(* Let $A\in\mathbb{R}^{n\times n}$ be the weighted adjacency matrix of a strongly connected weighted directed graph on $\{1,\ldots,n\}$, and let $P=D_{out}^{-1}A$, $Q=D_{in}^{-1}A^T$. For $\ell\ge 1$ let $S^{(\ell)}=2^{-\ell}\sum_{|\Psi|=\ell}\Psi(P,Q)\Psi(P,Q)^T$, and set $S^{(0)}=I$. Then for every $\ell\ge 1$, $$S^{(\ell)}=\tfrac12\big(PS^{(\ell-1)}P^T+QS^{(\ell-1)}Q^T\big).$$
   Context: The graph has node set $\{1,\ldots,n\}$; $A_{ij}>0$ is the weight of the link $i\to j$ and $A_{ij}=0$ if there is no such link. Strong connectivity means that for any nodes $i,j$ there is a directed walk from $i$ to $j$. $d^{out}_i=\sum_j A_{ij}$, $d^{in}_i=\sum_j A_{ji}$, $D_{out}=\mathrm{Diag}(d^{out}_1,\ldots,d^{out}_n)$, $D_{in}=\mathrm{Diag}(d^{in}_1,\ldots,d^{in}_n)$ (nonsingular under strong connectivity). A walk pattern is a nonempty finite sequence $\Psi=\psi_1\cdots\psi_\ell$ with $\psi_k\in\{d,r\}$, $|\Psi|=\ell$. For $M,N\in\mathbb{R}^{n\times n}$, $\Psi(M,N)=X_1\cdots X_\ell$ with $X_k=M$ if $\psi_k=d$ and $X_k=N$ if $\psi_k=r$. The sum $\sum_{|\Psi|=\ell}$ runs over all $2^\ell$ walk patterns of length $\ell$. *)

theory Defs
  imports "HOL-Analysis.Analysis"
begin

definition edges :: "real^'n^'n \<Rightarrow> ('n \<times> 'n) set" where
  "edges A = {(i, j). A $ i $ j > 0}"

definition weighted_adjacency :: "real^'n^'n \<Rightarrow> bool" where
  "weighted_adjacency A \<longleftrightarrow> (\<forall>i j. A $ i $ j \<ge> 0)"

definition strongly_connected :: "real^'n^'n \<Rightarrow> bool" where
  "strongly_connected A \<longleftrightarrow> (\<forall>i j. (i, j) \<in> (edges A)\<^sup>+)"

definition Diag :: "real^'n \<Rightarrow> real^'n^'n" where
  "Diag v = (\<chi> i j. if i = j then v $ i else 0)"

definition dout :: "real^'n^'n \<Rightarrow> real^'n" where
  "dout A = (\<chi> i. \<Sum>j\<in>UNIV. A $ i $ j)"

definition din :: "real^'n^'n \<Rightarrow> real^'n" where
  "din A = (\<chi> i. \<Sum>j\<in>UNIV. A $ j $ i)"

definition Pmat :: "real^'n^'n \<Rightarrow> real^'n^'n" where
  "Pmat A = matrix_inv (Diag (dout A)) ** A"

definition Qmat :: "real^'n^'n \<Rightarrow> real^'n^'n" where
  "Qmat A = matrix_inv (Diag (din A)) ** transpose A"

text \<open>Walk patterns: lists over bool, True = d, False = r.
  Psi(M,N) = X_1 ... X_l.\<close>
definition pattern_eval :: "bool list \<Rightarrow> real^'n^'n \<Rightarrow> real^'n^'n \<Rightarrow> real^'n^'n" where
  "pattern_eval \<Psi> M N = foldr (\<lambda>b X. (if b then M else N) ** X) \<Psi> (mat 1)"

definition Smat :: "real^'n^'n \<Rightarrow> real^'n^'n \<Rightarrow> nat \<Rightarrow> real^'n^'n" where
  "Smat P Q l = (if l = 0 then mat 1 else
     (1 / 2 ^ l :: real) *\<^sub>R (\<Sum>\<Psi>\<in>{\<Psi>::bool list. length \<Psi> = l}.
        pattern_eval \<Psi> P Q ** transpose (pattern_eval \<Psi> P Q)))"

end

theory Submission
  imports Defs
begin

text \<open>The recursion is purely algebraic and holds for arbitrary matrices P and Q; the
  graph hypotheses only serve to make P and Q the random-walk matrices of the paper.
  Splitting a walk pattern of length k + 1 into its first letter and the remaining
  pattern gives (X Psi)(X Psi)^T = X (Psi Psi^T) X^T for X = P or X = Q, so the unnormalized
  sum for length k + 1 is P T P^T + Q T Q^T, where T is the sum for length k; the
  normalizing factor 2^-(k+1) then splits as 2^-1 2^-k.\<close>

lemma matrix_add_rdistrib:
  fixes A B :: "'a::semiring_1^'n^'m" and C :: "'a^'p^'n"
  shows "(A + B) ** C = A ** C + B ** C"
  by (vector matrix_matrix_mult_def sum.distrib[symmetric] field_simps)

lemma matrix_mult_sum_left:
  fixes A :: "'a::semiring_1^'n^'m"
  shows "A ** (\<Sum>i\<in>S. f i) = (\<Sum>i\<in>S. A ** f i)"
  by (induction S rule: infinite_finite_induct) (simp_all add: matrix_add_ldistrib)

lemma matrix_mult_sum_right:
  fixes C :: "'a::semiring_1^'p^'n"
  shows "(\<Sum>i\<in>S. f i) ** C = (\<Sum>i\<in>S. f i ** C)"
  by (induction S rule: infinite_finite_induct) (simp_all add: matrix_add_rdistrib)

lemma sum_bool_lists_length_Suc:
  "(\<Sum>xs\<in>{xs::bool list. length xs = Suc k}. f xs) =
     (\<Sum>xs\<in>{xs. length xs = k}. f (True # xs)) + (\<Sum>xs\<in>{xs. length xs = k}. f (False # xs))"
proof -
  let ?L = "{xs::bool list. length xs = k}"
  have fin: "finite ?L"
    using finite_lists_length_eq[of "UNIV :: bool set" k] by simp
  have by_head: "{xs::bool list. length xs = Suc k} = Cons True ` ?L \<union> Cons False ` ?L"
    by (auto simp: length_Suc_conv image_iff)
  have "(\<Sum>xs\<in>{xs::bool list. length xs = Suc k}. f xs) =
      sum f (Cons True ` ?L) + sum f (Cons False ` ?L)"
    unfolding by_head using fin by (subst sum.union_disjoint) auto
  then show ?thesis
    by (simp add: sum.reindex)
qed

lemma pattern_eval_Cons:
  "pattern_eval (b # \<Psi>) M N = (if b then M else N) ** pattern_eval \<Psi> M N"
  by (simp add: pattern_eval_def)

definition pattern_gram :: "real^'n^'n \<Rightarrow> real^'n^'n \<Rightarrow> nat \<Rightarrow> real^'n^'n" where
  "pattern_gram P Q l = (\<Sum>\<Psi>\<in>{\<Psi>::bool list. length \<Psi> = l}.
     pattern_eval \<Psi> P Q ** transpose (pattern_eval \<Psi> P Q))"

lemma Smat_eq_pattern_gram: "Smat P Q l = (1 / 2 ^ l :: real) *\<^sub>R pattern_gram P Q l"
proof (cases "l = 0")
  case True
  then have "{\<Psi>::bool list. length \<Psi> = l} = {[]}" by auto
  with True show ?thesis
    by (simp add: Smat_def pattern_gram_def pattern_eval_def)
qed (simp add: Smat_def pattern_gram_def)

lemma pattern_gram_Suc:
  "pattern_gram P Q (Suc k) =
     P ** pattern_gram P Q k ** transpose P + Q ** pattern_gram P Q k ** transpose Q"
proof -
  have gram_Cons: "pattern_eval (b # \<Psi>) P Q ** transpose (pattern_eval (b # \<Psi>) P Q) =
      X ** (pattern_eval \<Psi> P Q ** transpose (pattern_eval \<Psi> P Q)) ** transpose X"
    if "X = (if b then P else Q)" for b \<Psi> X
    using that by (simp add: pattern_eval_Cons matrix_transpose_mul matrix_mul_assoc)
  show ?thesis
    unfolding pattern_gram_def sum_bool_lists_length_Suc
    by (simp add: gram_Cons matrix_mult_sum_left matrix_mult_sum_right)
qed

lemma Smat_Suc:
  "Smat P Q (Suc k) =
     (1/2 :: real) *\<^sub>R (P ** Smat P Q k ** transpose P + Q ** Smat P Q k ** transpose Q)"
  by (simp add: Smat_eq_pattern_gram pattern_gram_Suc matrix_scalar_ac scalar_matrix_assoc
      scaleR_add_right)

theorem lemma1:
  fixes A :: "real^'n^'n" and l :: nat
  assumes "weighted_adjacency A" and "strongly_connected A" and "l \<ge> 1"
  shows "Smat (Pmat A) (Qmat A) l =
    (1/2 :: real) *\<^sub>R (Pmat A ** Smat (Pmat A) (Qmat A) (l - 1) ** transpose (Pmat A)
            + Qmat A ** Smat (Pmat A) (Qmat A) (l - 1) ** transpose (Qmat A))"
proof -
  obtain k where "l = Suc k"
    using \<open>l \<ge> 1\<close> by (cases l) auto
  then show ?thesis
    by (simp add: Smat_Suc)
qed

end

::::::::

■ Exercise directions ■
The answer must consist of every line from the data that holds the string "thesis".

■ Result of the task ■
  then show ?thesis
  with True show ?thesis
  show ?thesis
  then show ?thesis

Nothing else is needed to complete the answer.